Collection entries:
============================================================

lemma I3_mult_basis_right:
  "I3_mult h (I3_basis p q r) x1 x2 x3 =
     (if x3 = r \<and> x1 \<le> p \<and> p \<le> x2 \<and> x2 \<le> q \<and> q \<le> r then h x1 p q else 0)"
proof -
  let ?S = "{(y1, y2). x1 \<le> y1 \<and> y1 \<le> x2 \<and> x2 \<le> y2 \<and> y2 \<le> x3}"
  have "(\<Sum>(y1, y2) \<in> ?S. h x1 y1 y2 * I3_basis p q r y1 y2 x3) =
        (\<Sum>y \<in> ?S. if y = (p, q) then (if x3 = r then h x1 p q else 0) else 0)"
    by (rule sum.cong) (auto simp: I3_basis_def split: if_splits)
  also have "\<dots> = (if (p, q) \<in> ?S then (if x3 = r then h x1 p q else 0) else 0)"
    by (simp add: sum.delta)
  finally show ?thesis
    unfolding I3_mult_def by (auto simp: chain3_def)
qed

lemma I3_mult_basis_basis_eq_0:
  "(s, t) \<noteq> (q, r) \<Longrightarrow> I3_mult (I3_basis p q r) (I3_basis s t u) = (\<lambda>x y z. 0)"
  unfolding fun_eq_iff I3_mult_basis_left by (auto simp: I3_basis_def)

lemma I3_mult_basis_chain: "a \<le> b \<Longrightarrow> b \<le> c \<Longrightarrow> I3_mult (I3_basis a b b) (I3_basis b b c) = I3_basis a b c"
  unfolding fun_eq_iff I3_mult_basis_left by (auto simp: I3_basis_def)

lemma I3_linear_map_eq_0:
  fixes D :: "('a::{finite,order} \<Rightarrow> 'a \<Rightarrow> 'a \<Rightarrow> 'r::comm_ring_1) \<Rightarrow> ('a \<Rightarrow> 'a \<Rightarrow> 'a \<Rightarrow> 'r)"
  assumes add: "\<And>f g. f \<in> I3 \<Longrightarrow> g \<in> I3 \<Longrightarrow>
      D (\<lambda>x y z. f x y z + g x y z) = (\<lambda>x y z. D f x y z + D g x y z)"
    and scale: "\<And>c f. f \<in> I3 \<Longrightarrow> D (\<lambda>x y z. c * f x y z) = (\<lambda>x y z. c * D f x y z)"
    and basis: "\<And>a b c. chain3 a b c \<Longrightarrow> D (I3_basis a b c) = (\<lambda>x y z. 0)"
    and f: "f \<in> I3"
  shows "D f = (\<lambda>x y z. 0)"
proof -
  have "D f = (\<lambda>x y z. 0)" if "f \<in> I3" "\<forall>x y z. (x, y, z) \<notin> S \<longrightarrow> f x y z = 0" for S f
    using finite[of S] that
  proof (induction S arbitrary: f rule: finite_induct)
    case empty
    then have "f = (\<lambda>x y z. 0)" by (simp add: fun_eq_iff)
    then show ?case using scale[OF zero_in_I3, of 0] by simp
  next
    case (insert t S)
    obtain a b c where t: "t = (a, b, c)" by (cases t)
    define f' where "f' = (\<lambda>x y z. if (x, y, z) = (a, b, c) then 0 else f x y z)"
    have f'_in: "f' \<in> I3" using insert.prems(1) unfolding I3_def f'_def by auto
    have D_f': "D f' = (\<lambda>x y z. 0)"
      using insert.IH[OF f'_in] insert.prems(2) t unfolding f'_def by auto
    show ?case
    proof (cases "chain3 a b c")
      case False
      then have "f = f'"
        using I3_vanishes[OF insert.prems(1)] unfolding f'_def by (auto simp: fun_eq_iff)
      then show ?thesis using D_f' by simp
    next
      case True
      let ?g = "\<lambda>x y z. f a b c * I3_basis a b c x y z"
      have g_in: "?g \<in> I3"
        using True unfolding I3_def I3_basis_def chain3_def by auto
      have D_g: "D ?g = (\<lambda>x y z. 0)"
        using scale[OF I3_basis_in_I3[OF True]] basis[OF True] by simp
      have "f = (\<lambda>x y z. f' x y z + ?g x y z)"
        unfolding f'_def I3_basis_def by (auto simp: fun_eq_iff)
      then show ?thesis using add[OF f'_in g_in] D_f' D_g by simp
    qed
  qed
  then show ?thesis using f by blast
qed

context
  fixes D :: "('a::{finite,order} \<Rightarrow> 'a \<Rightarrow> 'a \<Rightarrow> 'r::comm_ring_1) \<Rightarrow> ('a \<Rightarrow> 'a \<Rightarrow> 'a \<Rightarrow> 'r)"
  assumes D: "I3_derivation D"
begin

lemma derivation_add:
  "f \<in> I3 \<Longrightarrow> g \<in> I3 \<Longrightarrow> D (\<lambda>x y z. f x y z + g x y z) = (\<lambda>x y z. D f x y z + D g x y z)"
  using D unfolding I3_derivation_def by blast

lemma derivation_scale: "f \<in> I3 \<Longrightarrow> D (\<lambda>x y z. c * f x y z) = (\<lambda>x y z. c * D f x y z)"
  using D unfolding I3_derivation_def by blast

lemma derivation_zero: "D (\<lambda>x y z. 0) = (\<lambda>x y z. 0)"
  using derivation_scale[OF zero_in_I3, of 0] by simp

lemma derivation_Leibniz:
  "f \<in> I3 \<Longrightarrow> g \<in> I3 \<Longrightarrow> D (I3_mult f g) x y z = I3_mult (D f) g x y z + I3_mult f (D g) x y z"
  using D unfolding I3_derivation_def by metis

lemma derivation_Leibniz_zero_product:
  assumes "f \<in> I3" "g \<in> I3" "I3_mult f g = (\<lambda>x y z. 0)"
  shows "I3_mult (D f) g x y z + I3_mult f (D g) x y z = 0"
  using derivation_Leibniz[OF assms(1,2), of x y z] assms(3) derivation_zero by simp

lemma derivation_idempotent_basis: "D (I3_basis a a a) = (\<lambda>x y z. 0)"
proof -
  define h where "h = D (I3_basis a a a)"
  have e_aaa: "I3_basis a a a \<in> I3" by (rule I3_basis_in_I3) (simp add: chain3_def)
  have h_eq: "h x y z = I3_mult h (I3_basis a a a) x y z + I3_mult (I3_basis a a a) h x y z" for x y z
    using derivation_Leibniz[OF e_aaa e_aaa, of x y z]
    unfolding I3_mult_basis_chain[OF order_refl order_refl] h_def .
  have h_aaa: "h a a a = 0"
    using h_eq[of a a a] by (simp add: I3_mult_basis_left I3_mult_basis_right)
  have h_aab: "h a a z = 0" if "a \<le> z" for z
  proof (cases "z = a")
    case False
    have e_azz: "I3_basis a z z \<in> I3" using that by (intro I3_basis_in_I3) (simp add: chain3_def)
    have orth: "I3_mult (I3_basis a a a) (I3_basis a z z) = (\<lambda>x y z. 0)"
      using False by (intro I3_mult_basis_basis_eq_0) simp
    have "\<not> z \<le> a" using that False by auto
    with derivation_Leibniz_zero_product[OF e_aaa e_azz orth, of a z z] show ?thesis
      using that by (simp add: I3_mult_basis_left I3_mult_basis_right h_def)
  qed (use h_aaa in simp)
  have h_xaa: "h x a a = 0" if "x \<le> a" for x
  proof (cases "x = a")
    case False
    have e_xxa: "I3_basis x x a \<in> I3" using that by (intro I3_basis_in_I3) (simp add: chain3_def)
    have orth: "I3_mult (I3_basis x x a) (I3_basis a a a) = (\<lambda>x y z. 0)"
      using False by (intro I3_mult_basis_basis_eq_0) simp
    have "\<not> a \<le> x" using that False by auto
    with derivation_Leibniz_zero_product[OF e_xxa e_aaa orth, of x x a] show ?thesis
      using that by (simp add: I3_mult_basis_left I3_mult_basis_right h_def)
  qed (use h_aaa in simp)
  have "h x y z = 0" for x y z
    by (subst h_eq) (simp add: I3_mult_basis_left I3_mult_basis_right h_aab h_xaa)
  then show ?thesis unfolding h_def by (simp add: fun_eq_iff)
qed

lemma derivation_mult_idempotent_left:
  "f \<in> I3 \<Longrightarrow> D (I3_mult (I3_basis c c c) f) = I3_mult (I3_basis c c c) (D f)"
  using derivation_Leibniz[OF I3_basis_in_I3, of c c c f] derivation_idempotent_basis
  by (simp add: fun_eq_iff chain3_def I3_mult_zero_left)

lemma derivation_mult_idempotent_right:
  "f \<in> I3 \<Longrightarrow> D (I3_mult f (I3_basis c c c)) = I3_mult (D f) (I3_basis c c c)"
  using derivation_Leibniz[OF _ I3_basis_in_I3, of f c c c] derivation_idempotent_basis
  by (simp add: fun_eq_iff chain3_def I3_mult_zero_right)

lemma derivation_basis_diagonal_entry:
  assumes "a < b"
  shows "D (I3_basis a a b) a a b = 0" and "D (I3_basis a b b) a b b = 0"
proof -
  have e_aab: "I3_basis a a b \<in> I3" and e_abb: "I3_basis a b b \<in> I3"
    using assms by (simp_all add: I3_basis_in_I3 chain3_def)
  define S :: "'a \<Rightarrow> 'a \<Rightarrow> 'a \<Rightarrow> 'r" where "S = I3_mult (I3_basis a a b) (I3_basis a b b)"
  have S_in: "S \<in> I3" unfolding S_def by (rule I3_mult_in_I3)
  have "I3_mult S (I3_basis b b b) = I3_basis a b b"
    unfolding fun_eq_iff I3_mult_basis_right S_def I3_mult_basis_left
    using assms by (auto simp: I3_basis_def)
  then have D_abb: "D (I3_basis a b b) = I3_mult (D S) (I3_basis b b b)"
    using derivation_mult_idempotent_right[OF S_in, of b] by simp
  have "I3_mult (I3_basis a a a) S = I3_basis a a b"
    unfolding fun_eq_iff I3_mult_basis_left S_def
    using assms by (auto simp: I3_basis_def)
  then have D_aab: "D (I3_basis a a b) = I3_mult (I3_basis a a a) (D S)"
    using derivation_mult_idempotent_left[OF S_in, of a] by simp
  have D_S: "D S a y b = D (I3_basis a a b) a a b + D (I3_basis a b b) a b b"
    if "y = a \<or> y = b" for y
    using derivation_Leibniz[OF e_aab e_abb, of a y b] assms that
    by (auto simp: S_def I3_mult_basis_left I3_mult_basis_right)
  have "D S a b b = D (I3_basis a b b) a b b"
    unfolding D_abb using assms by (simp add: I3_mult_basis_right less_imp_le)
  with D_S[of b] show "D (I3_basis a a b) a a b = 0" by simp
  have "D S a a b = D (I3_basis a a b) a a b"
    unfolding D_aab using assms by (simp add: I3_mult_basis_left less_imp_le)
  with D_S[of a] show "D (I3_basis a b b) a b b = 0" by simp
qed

============================================================

Taking the entries above, restate exactly those lines that fall between the line with "y2) \<in> ?S." and the line with "f. f \<in> I3", keeping both of those lines too.

  have "(\<Sum>(y1, y2) \<in> ?S. h x1 y1 y2 * I3_basis p q r y1 y2 x3) =
        (\<Sum>y \<in> ?S. if y = (p, q) then (if x3 = r then h x1 p q else 0) else 0)"
    by (rule sum.cong) (auto simp: I3_basis_def split: if_splits)
  also have "\<dots> = (if (p, q) \<in> ?S then (if x3 = r then h x1 p q else 0) else 0)"
    by (simp add: sum.delta)
  finally show ?thesis
    unfolding I3_mult_def by (auto simp: chain3_def)
qed

lemma I3_mult_basis_basis_eq_0:
  "(s, t) \<noteq> (q, r) \<Longrightarrow> I3_mult (I3_basis p q r) (I3_basis s t u) = (\<lambda>x y z. 0)"
  unfolding fun_eq_iff I3_mult_basis_left by (auto simp: I3_basis_def)

lemma I3_mult_basis_chain: "a \<le> b \<Longrightarrow> b \<le> c \<Longrightarrow> I3_mult (I3_basis a b b) (I3_basis b b c) = I3_basis a b c"
  unfolding fun_eq_iff I3_mult_basis_left by (auto simp: I3_basis_def)

lemma I3_linear_map_eq_0:
  fixes D :: "('a::{finite,order} \<Rightarrow> 'a \<Rightarrow> 'a \<Rightarrow> 'r::comm_ring_1) \<Rightarrow> ('a \<Rightarrow> 'a \<Rightarrow> 'a \<Rightarrow> 'r)"
  assumes add: "\<And>f g. f \<in> I3 \<Longrightarrow> g \<in> I3 \<Longrightarrow>
      D (\<lambda>x y z. f x y z + g x y z) = (\<lambda>x y z. D f x y z + D g x y z)"
    and scale: "\<And>c f. f \<in> I3 \<Longrightarrow> D (\<lambda>x y z. c * f x y z) = (\<lambda>x y z. c * D f x y z)"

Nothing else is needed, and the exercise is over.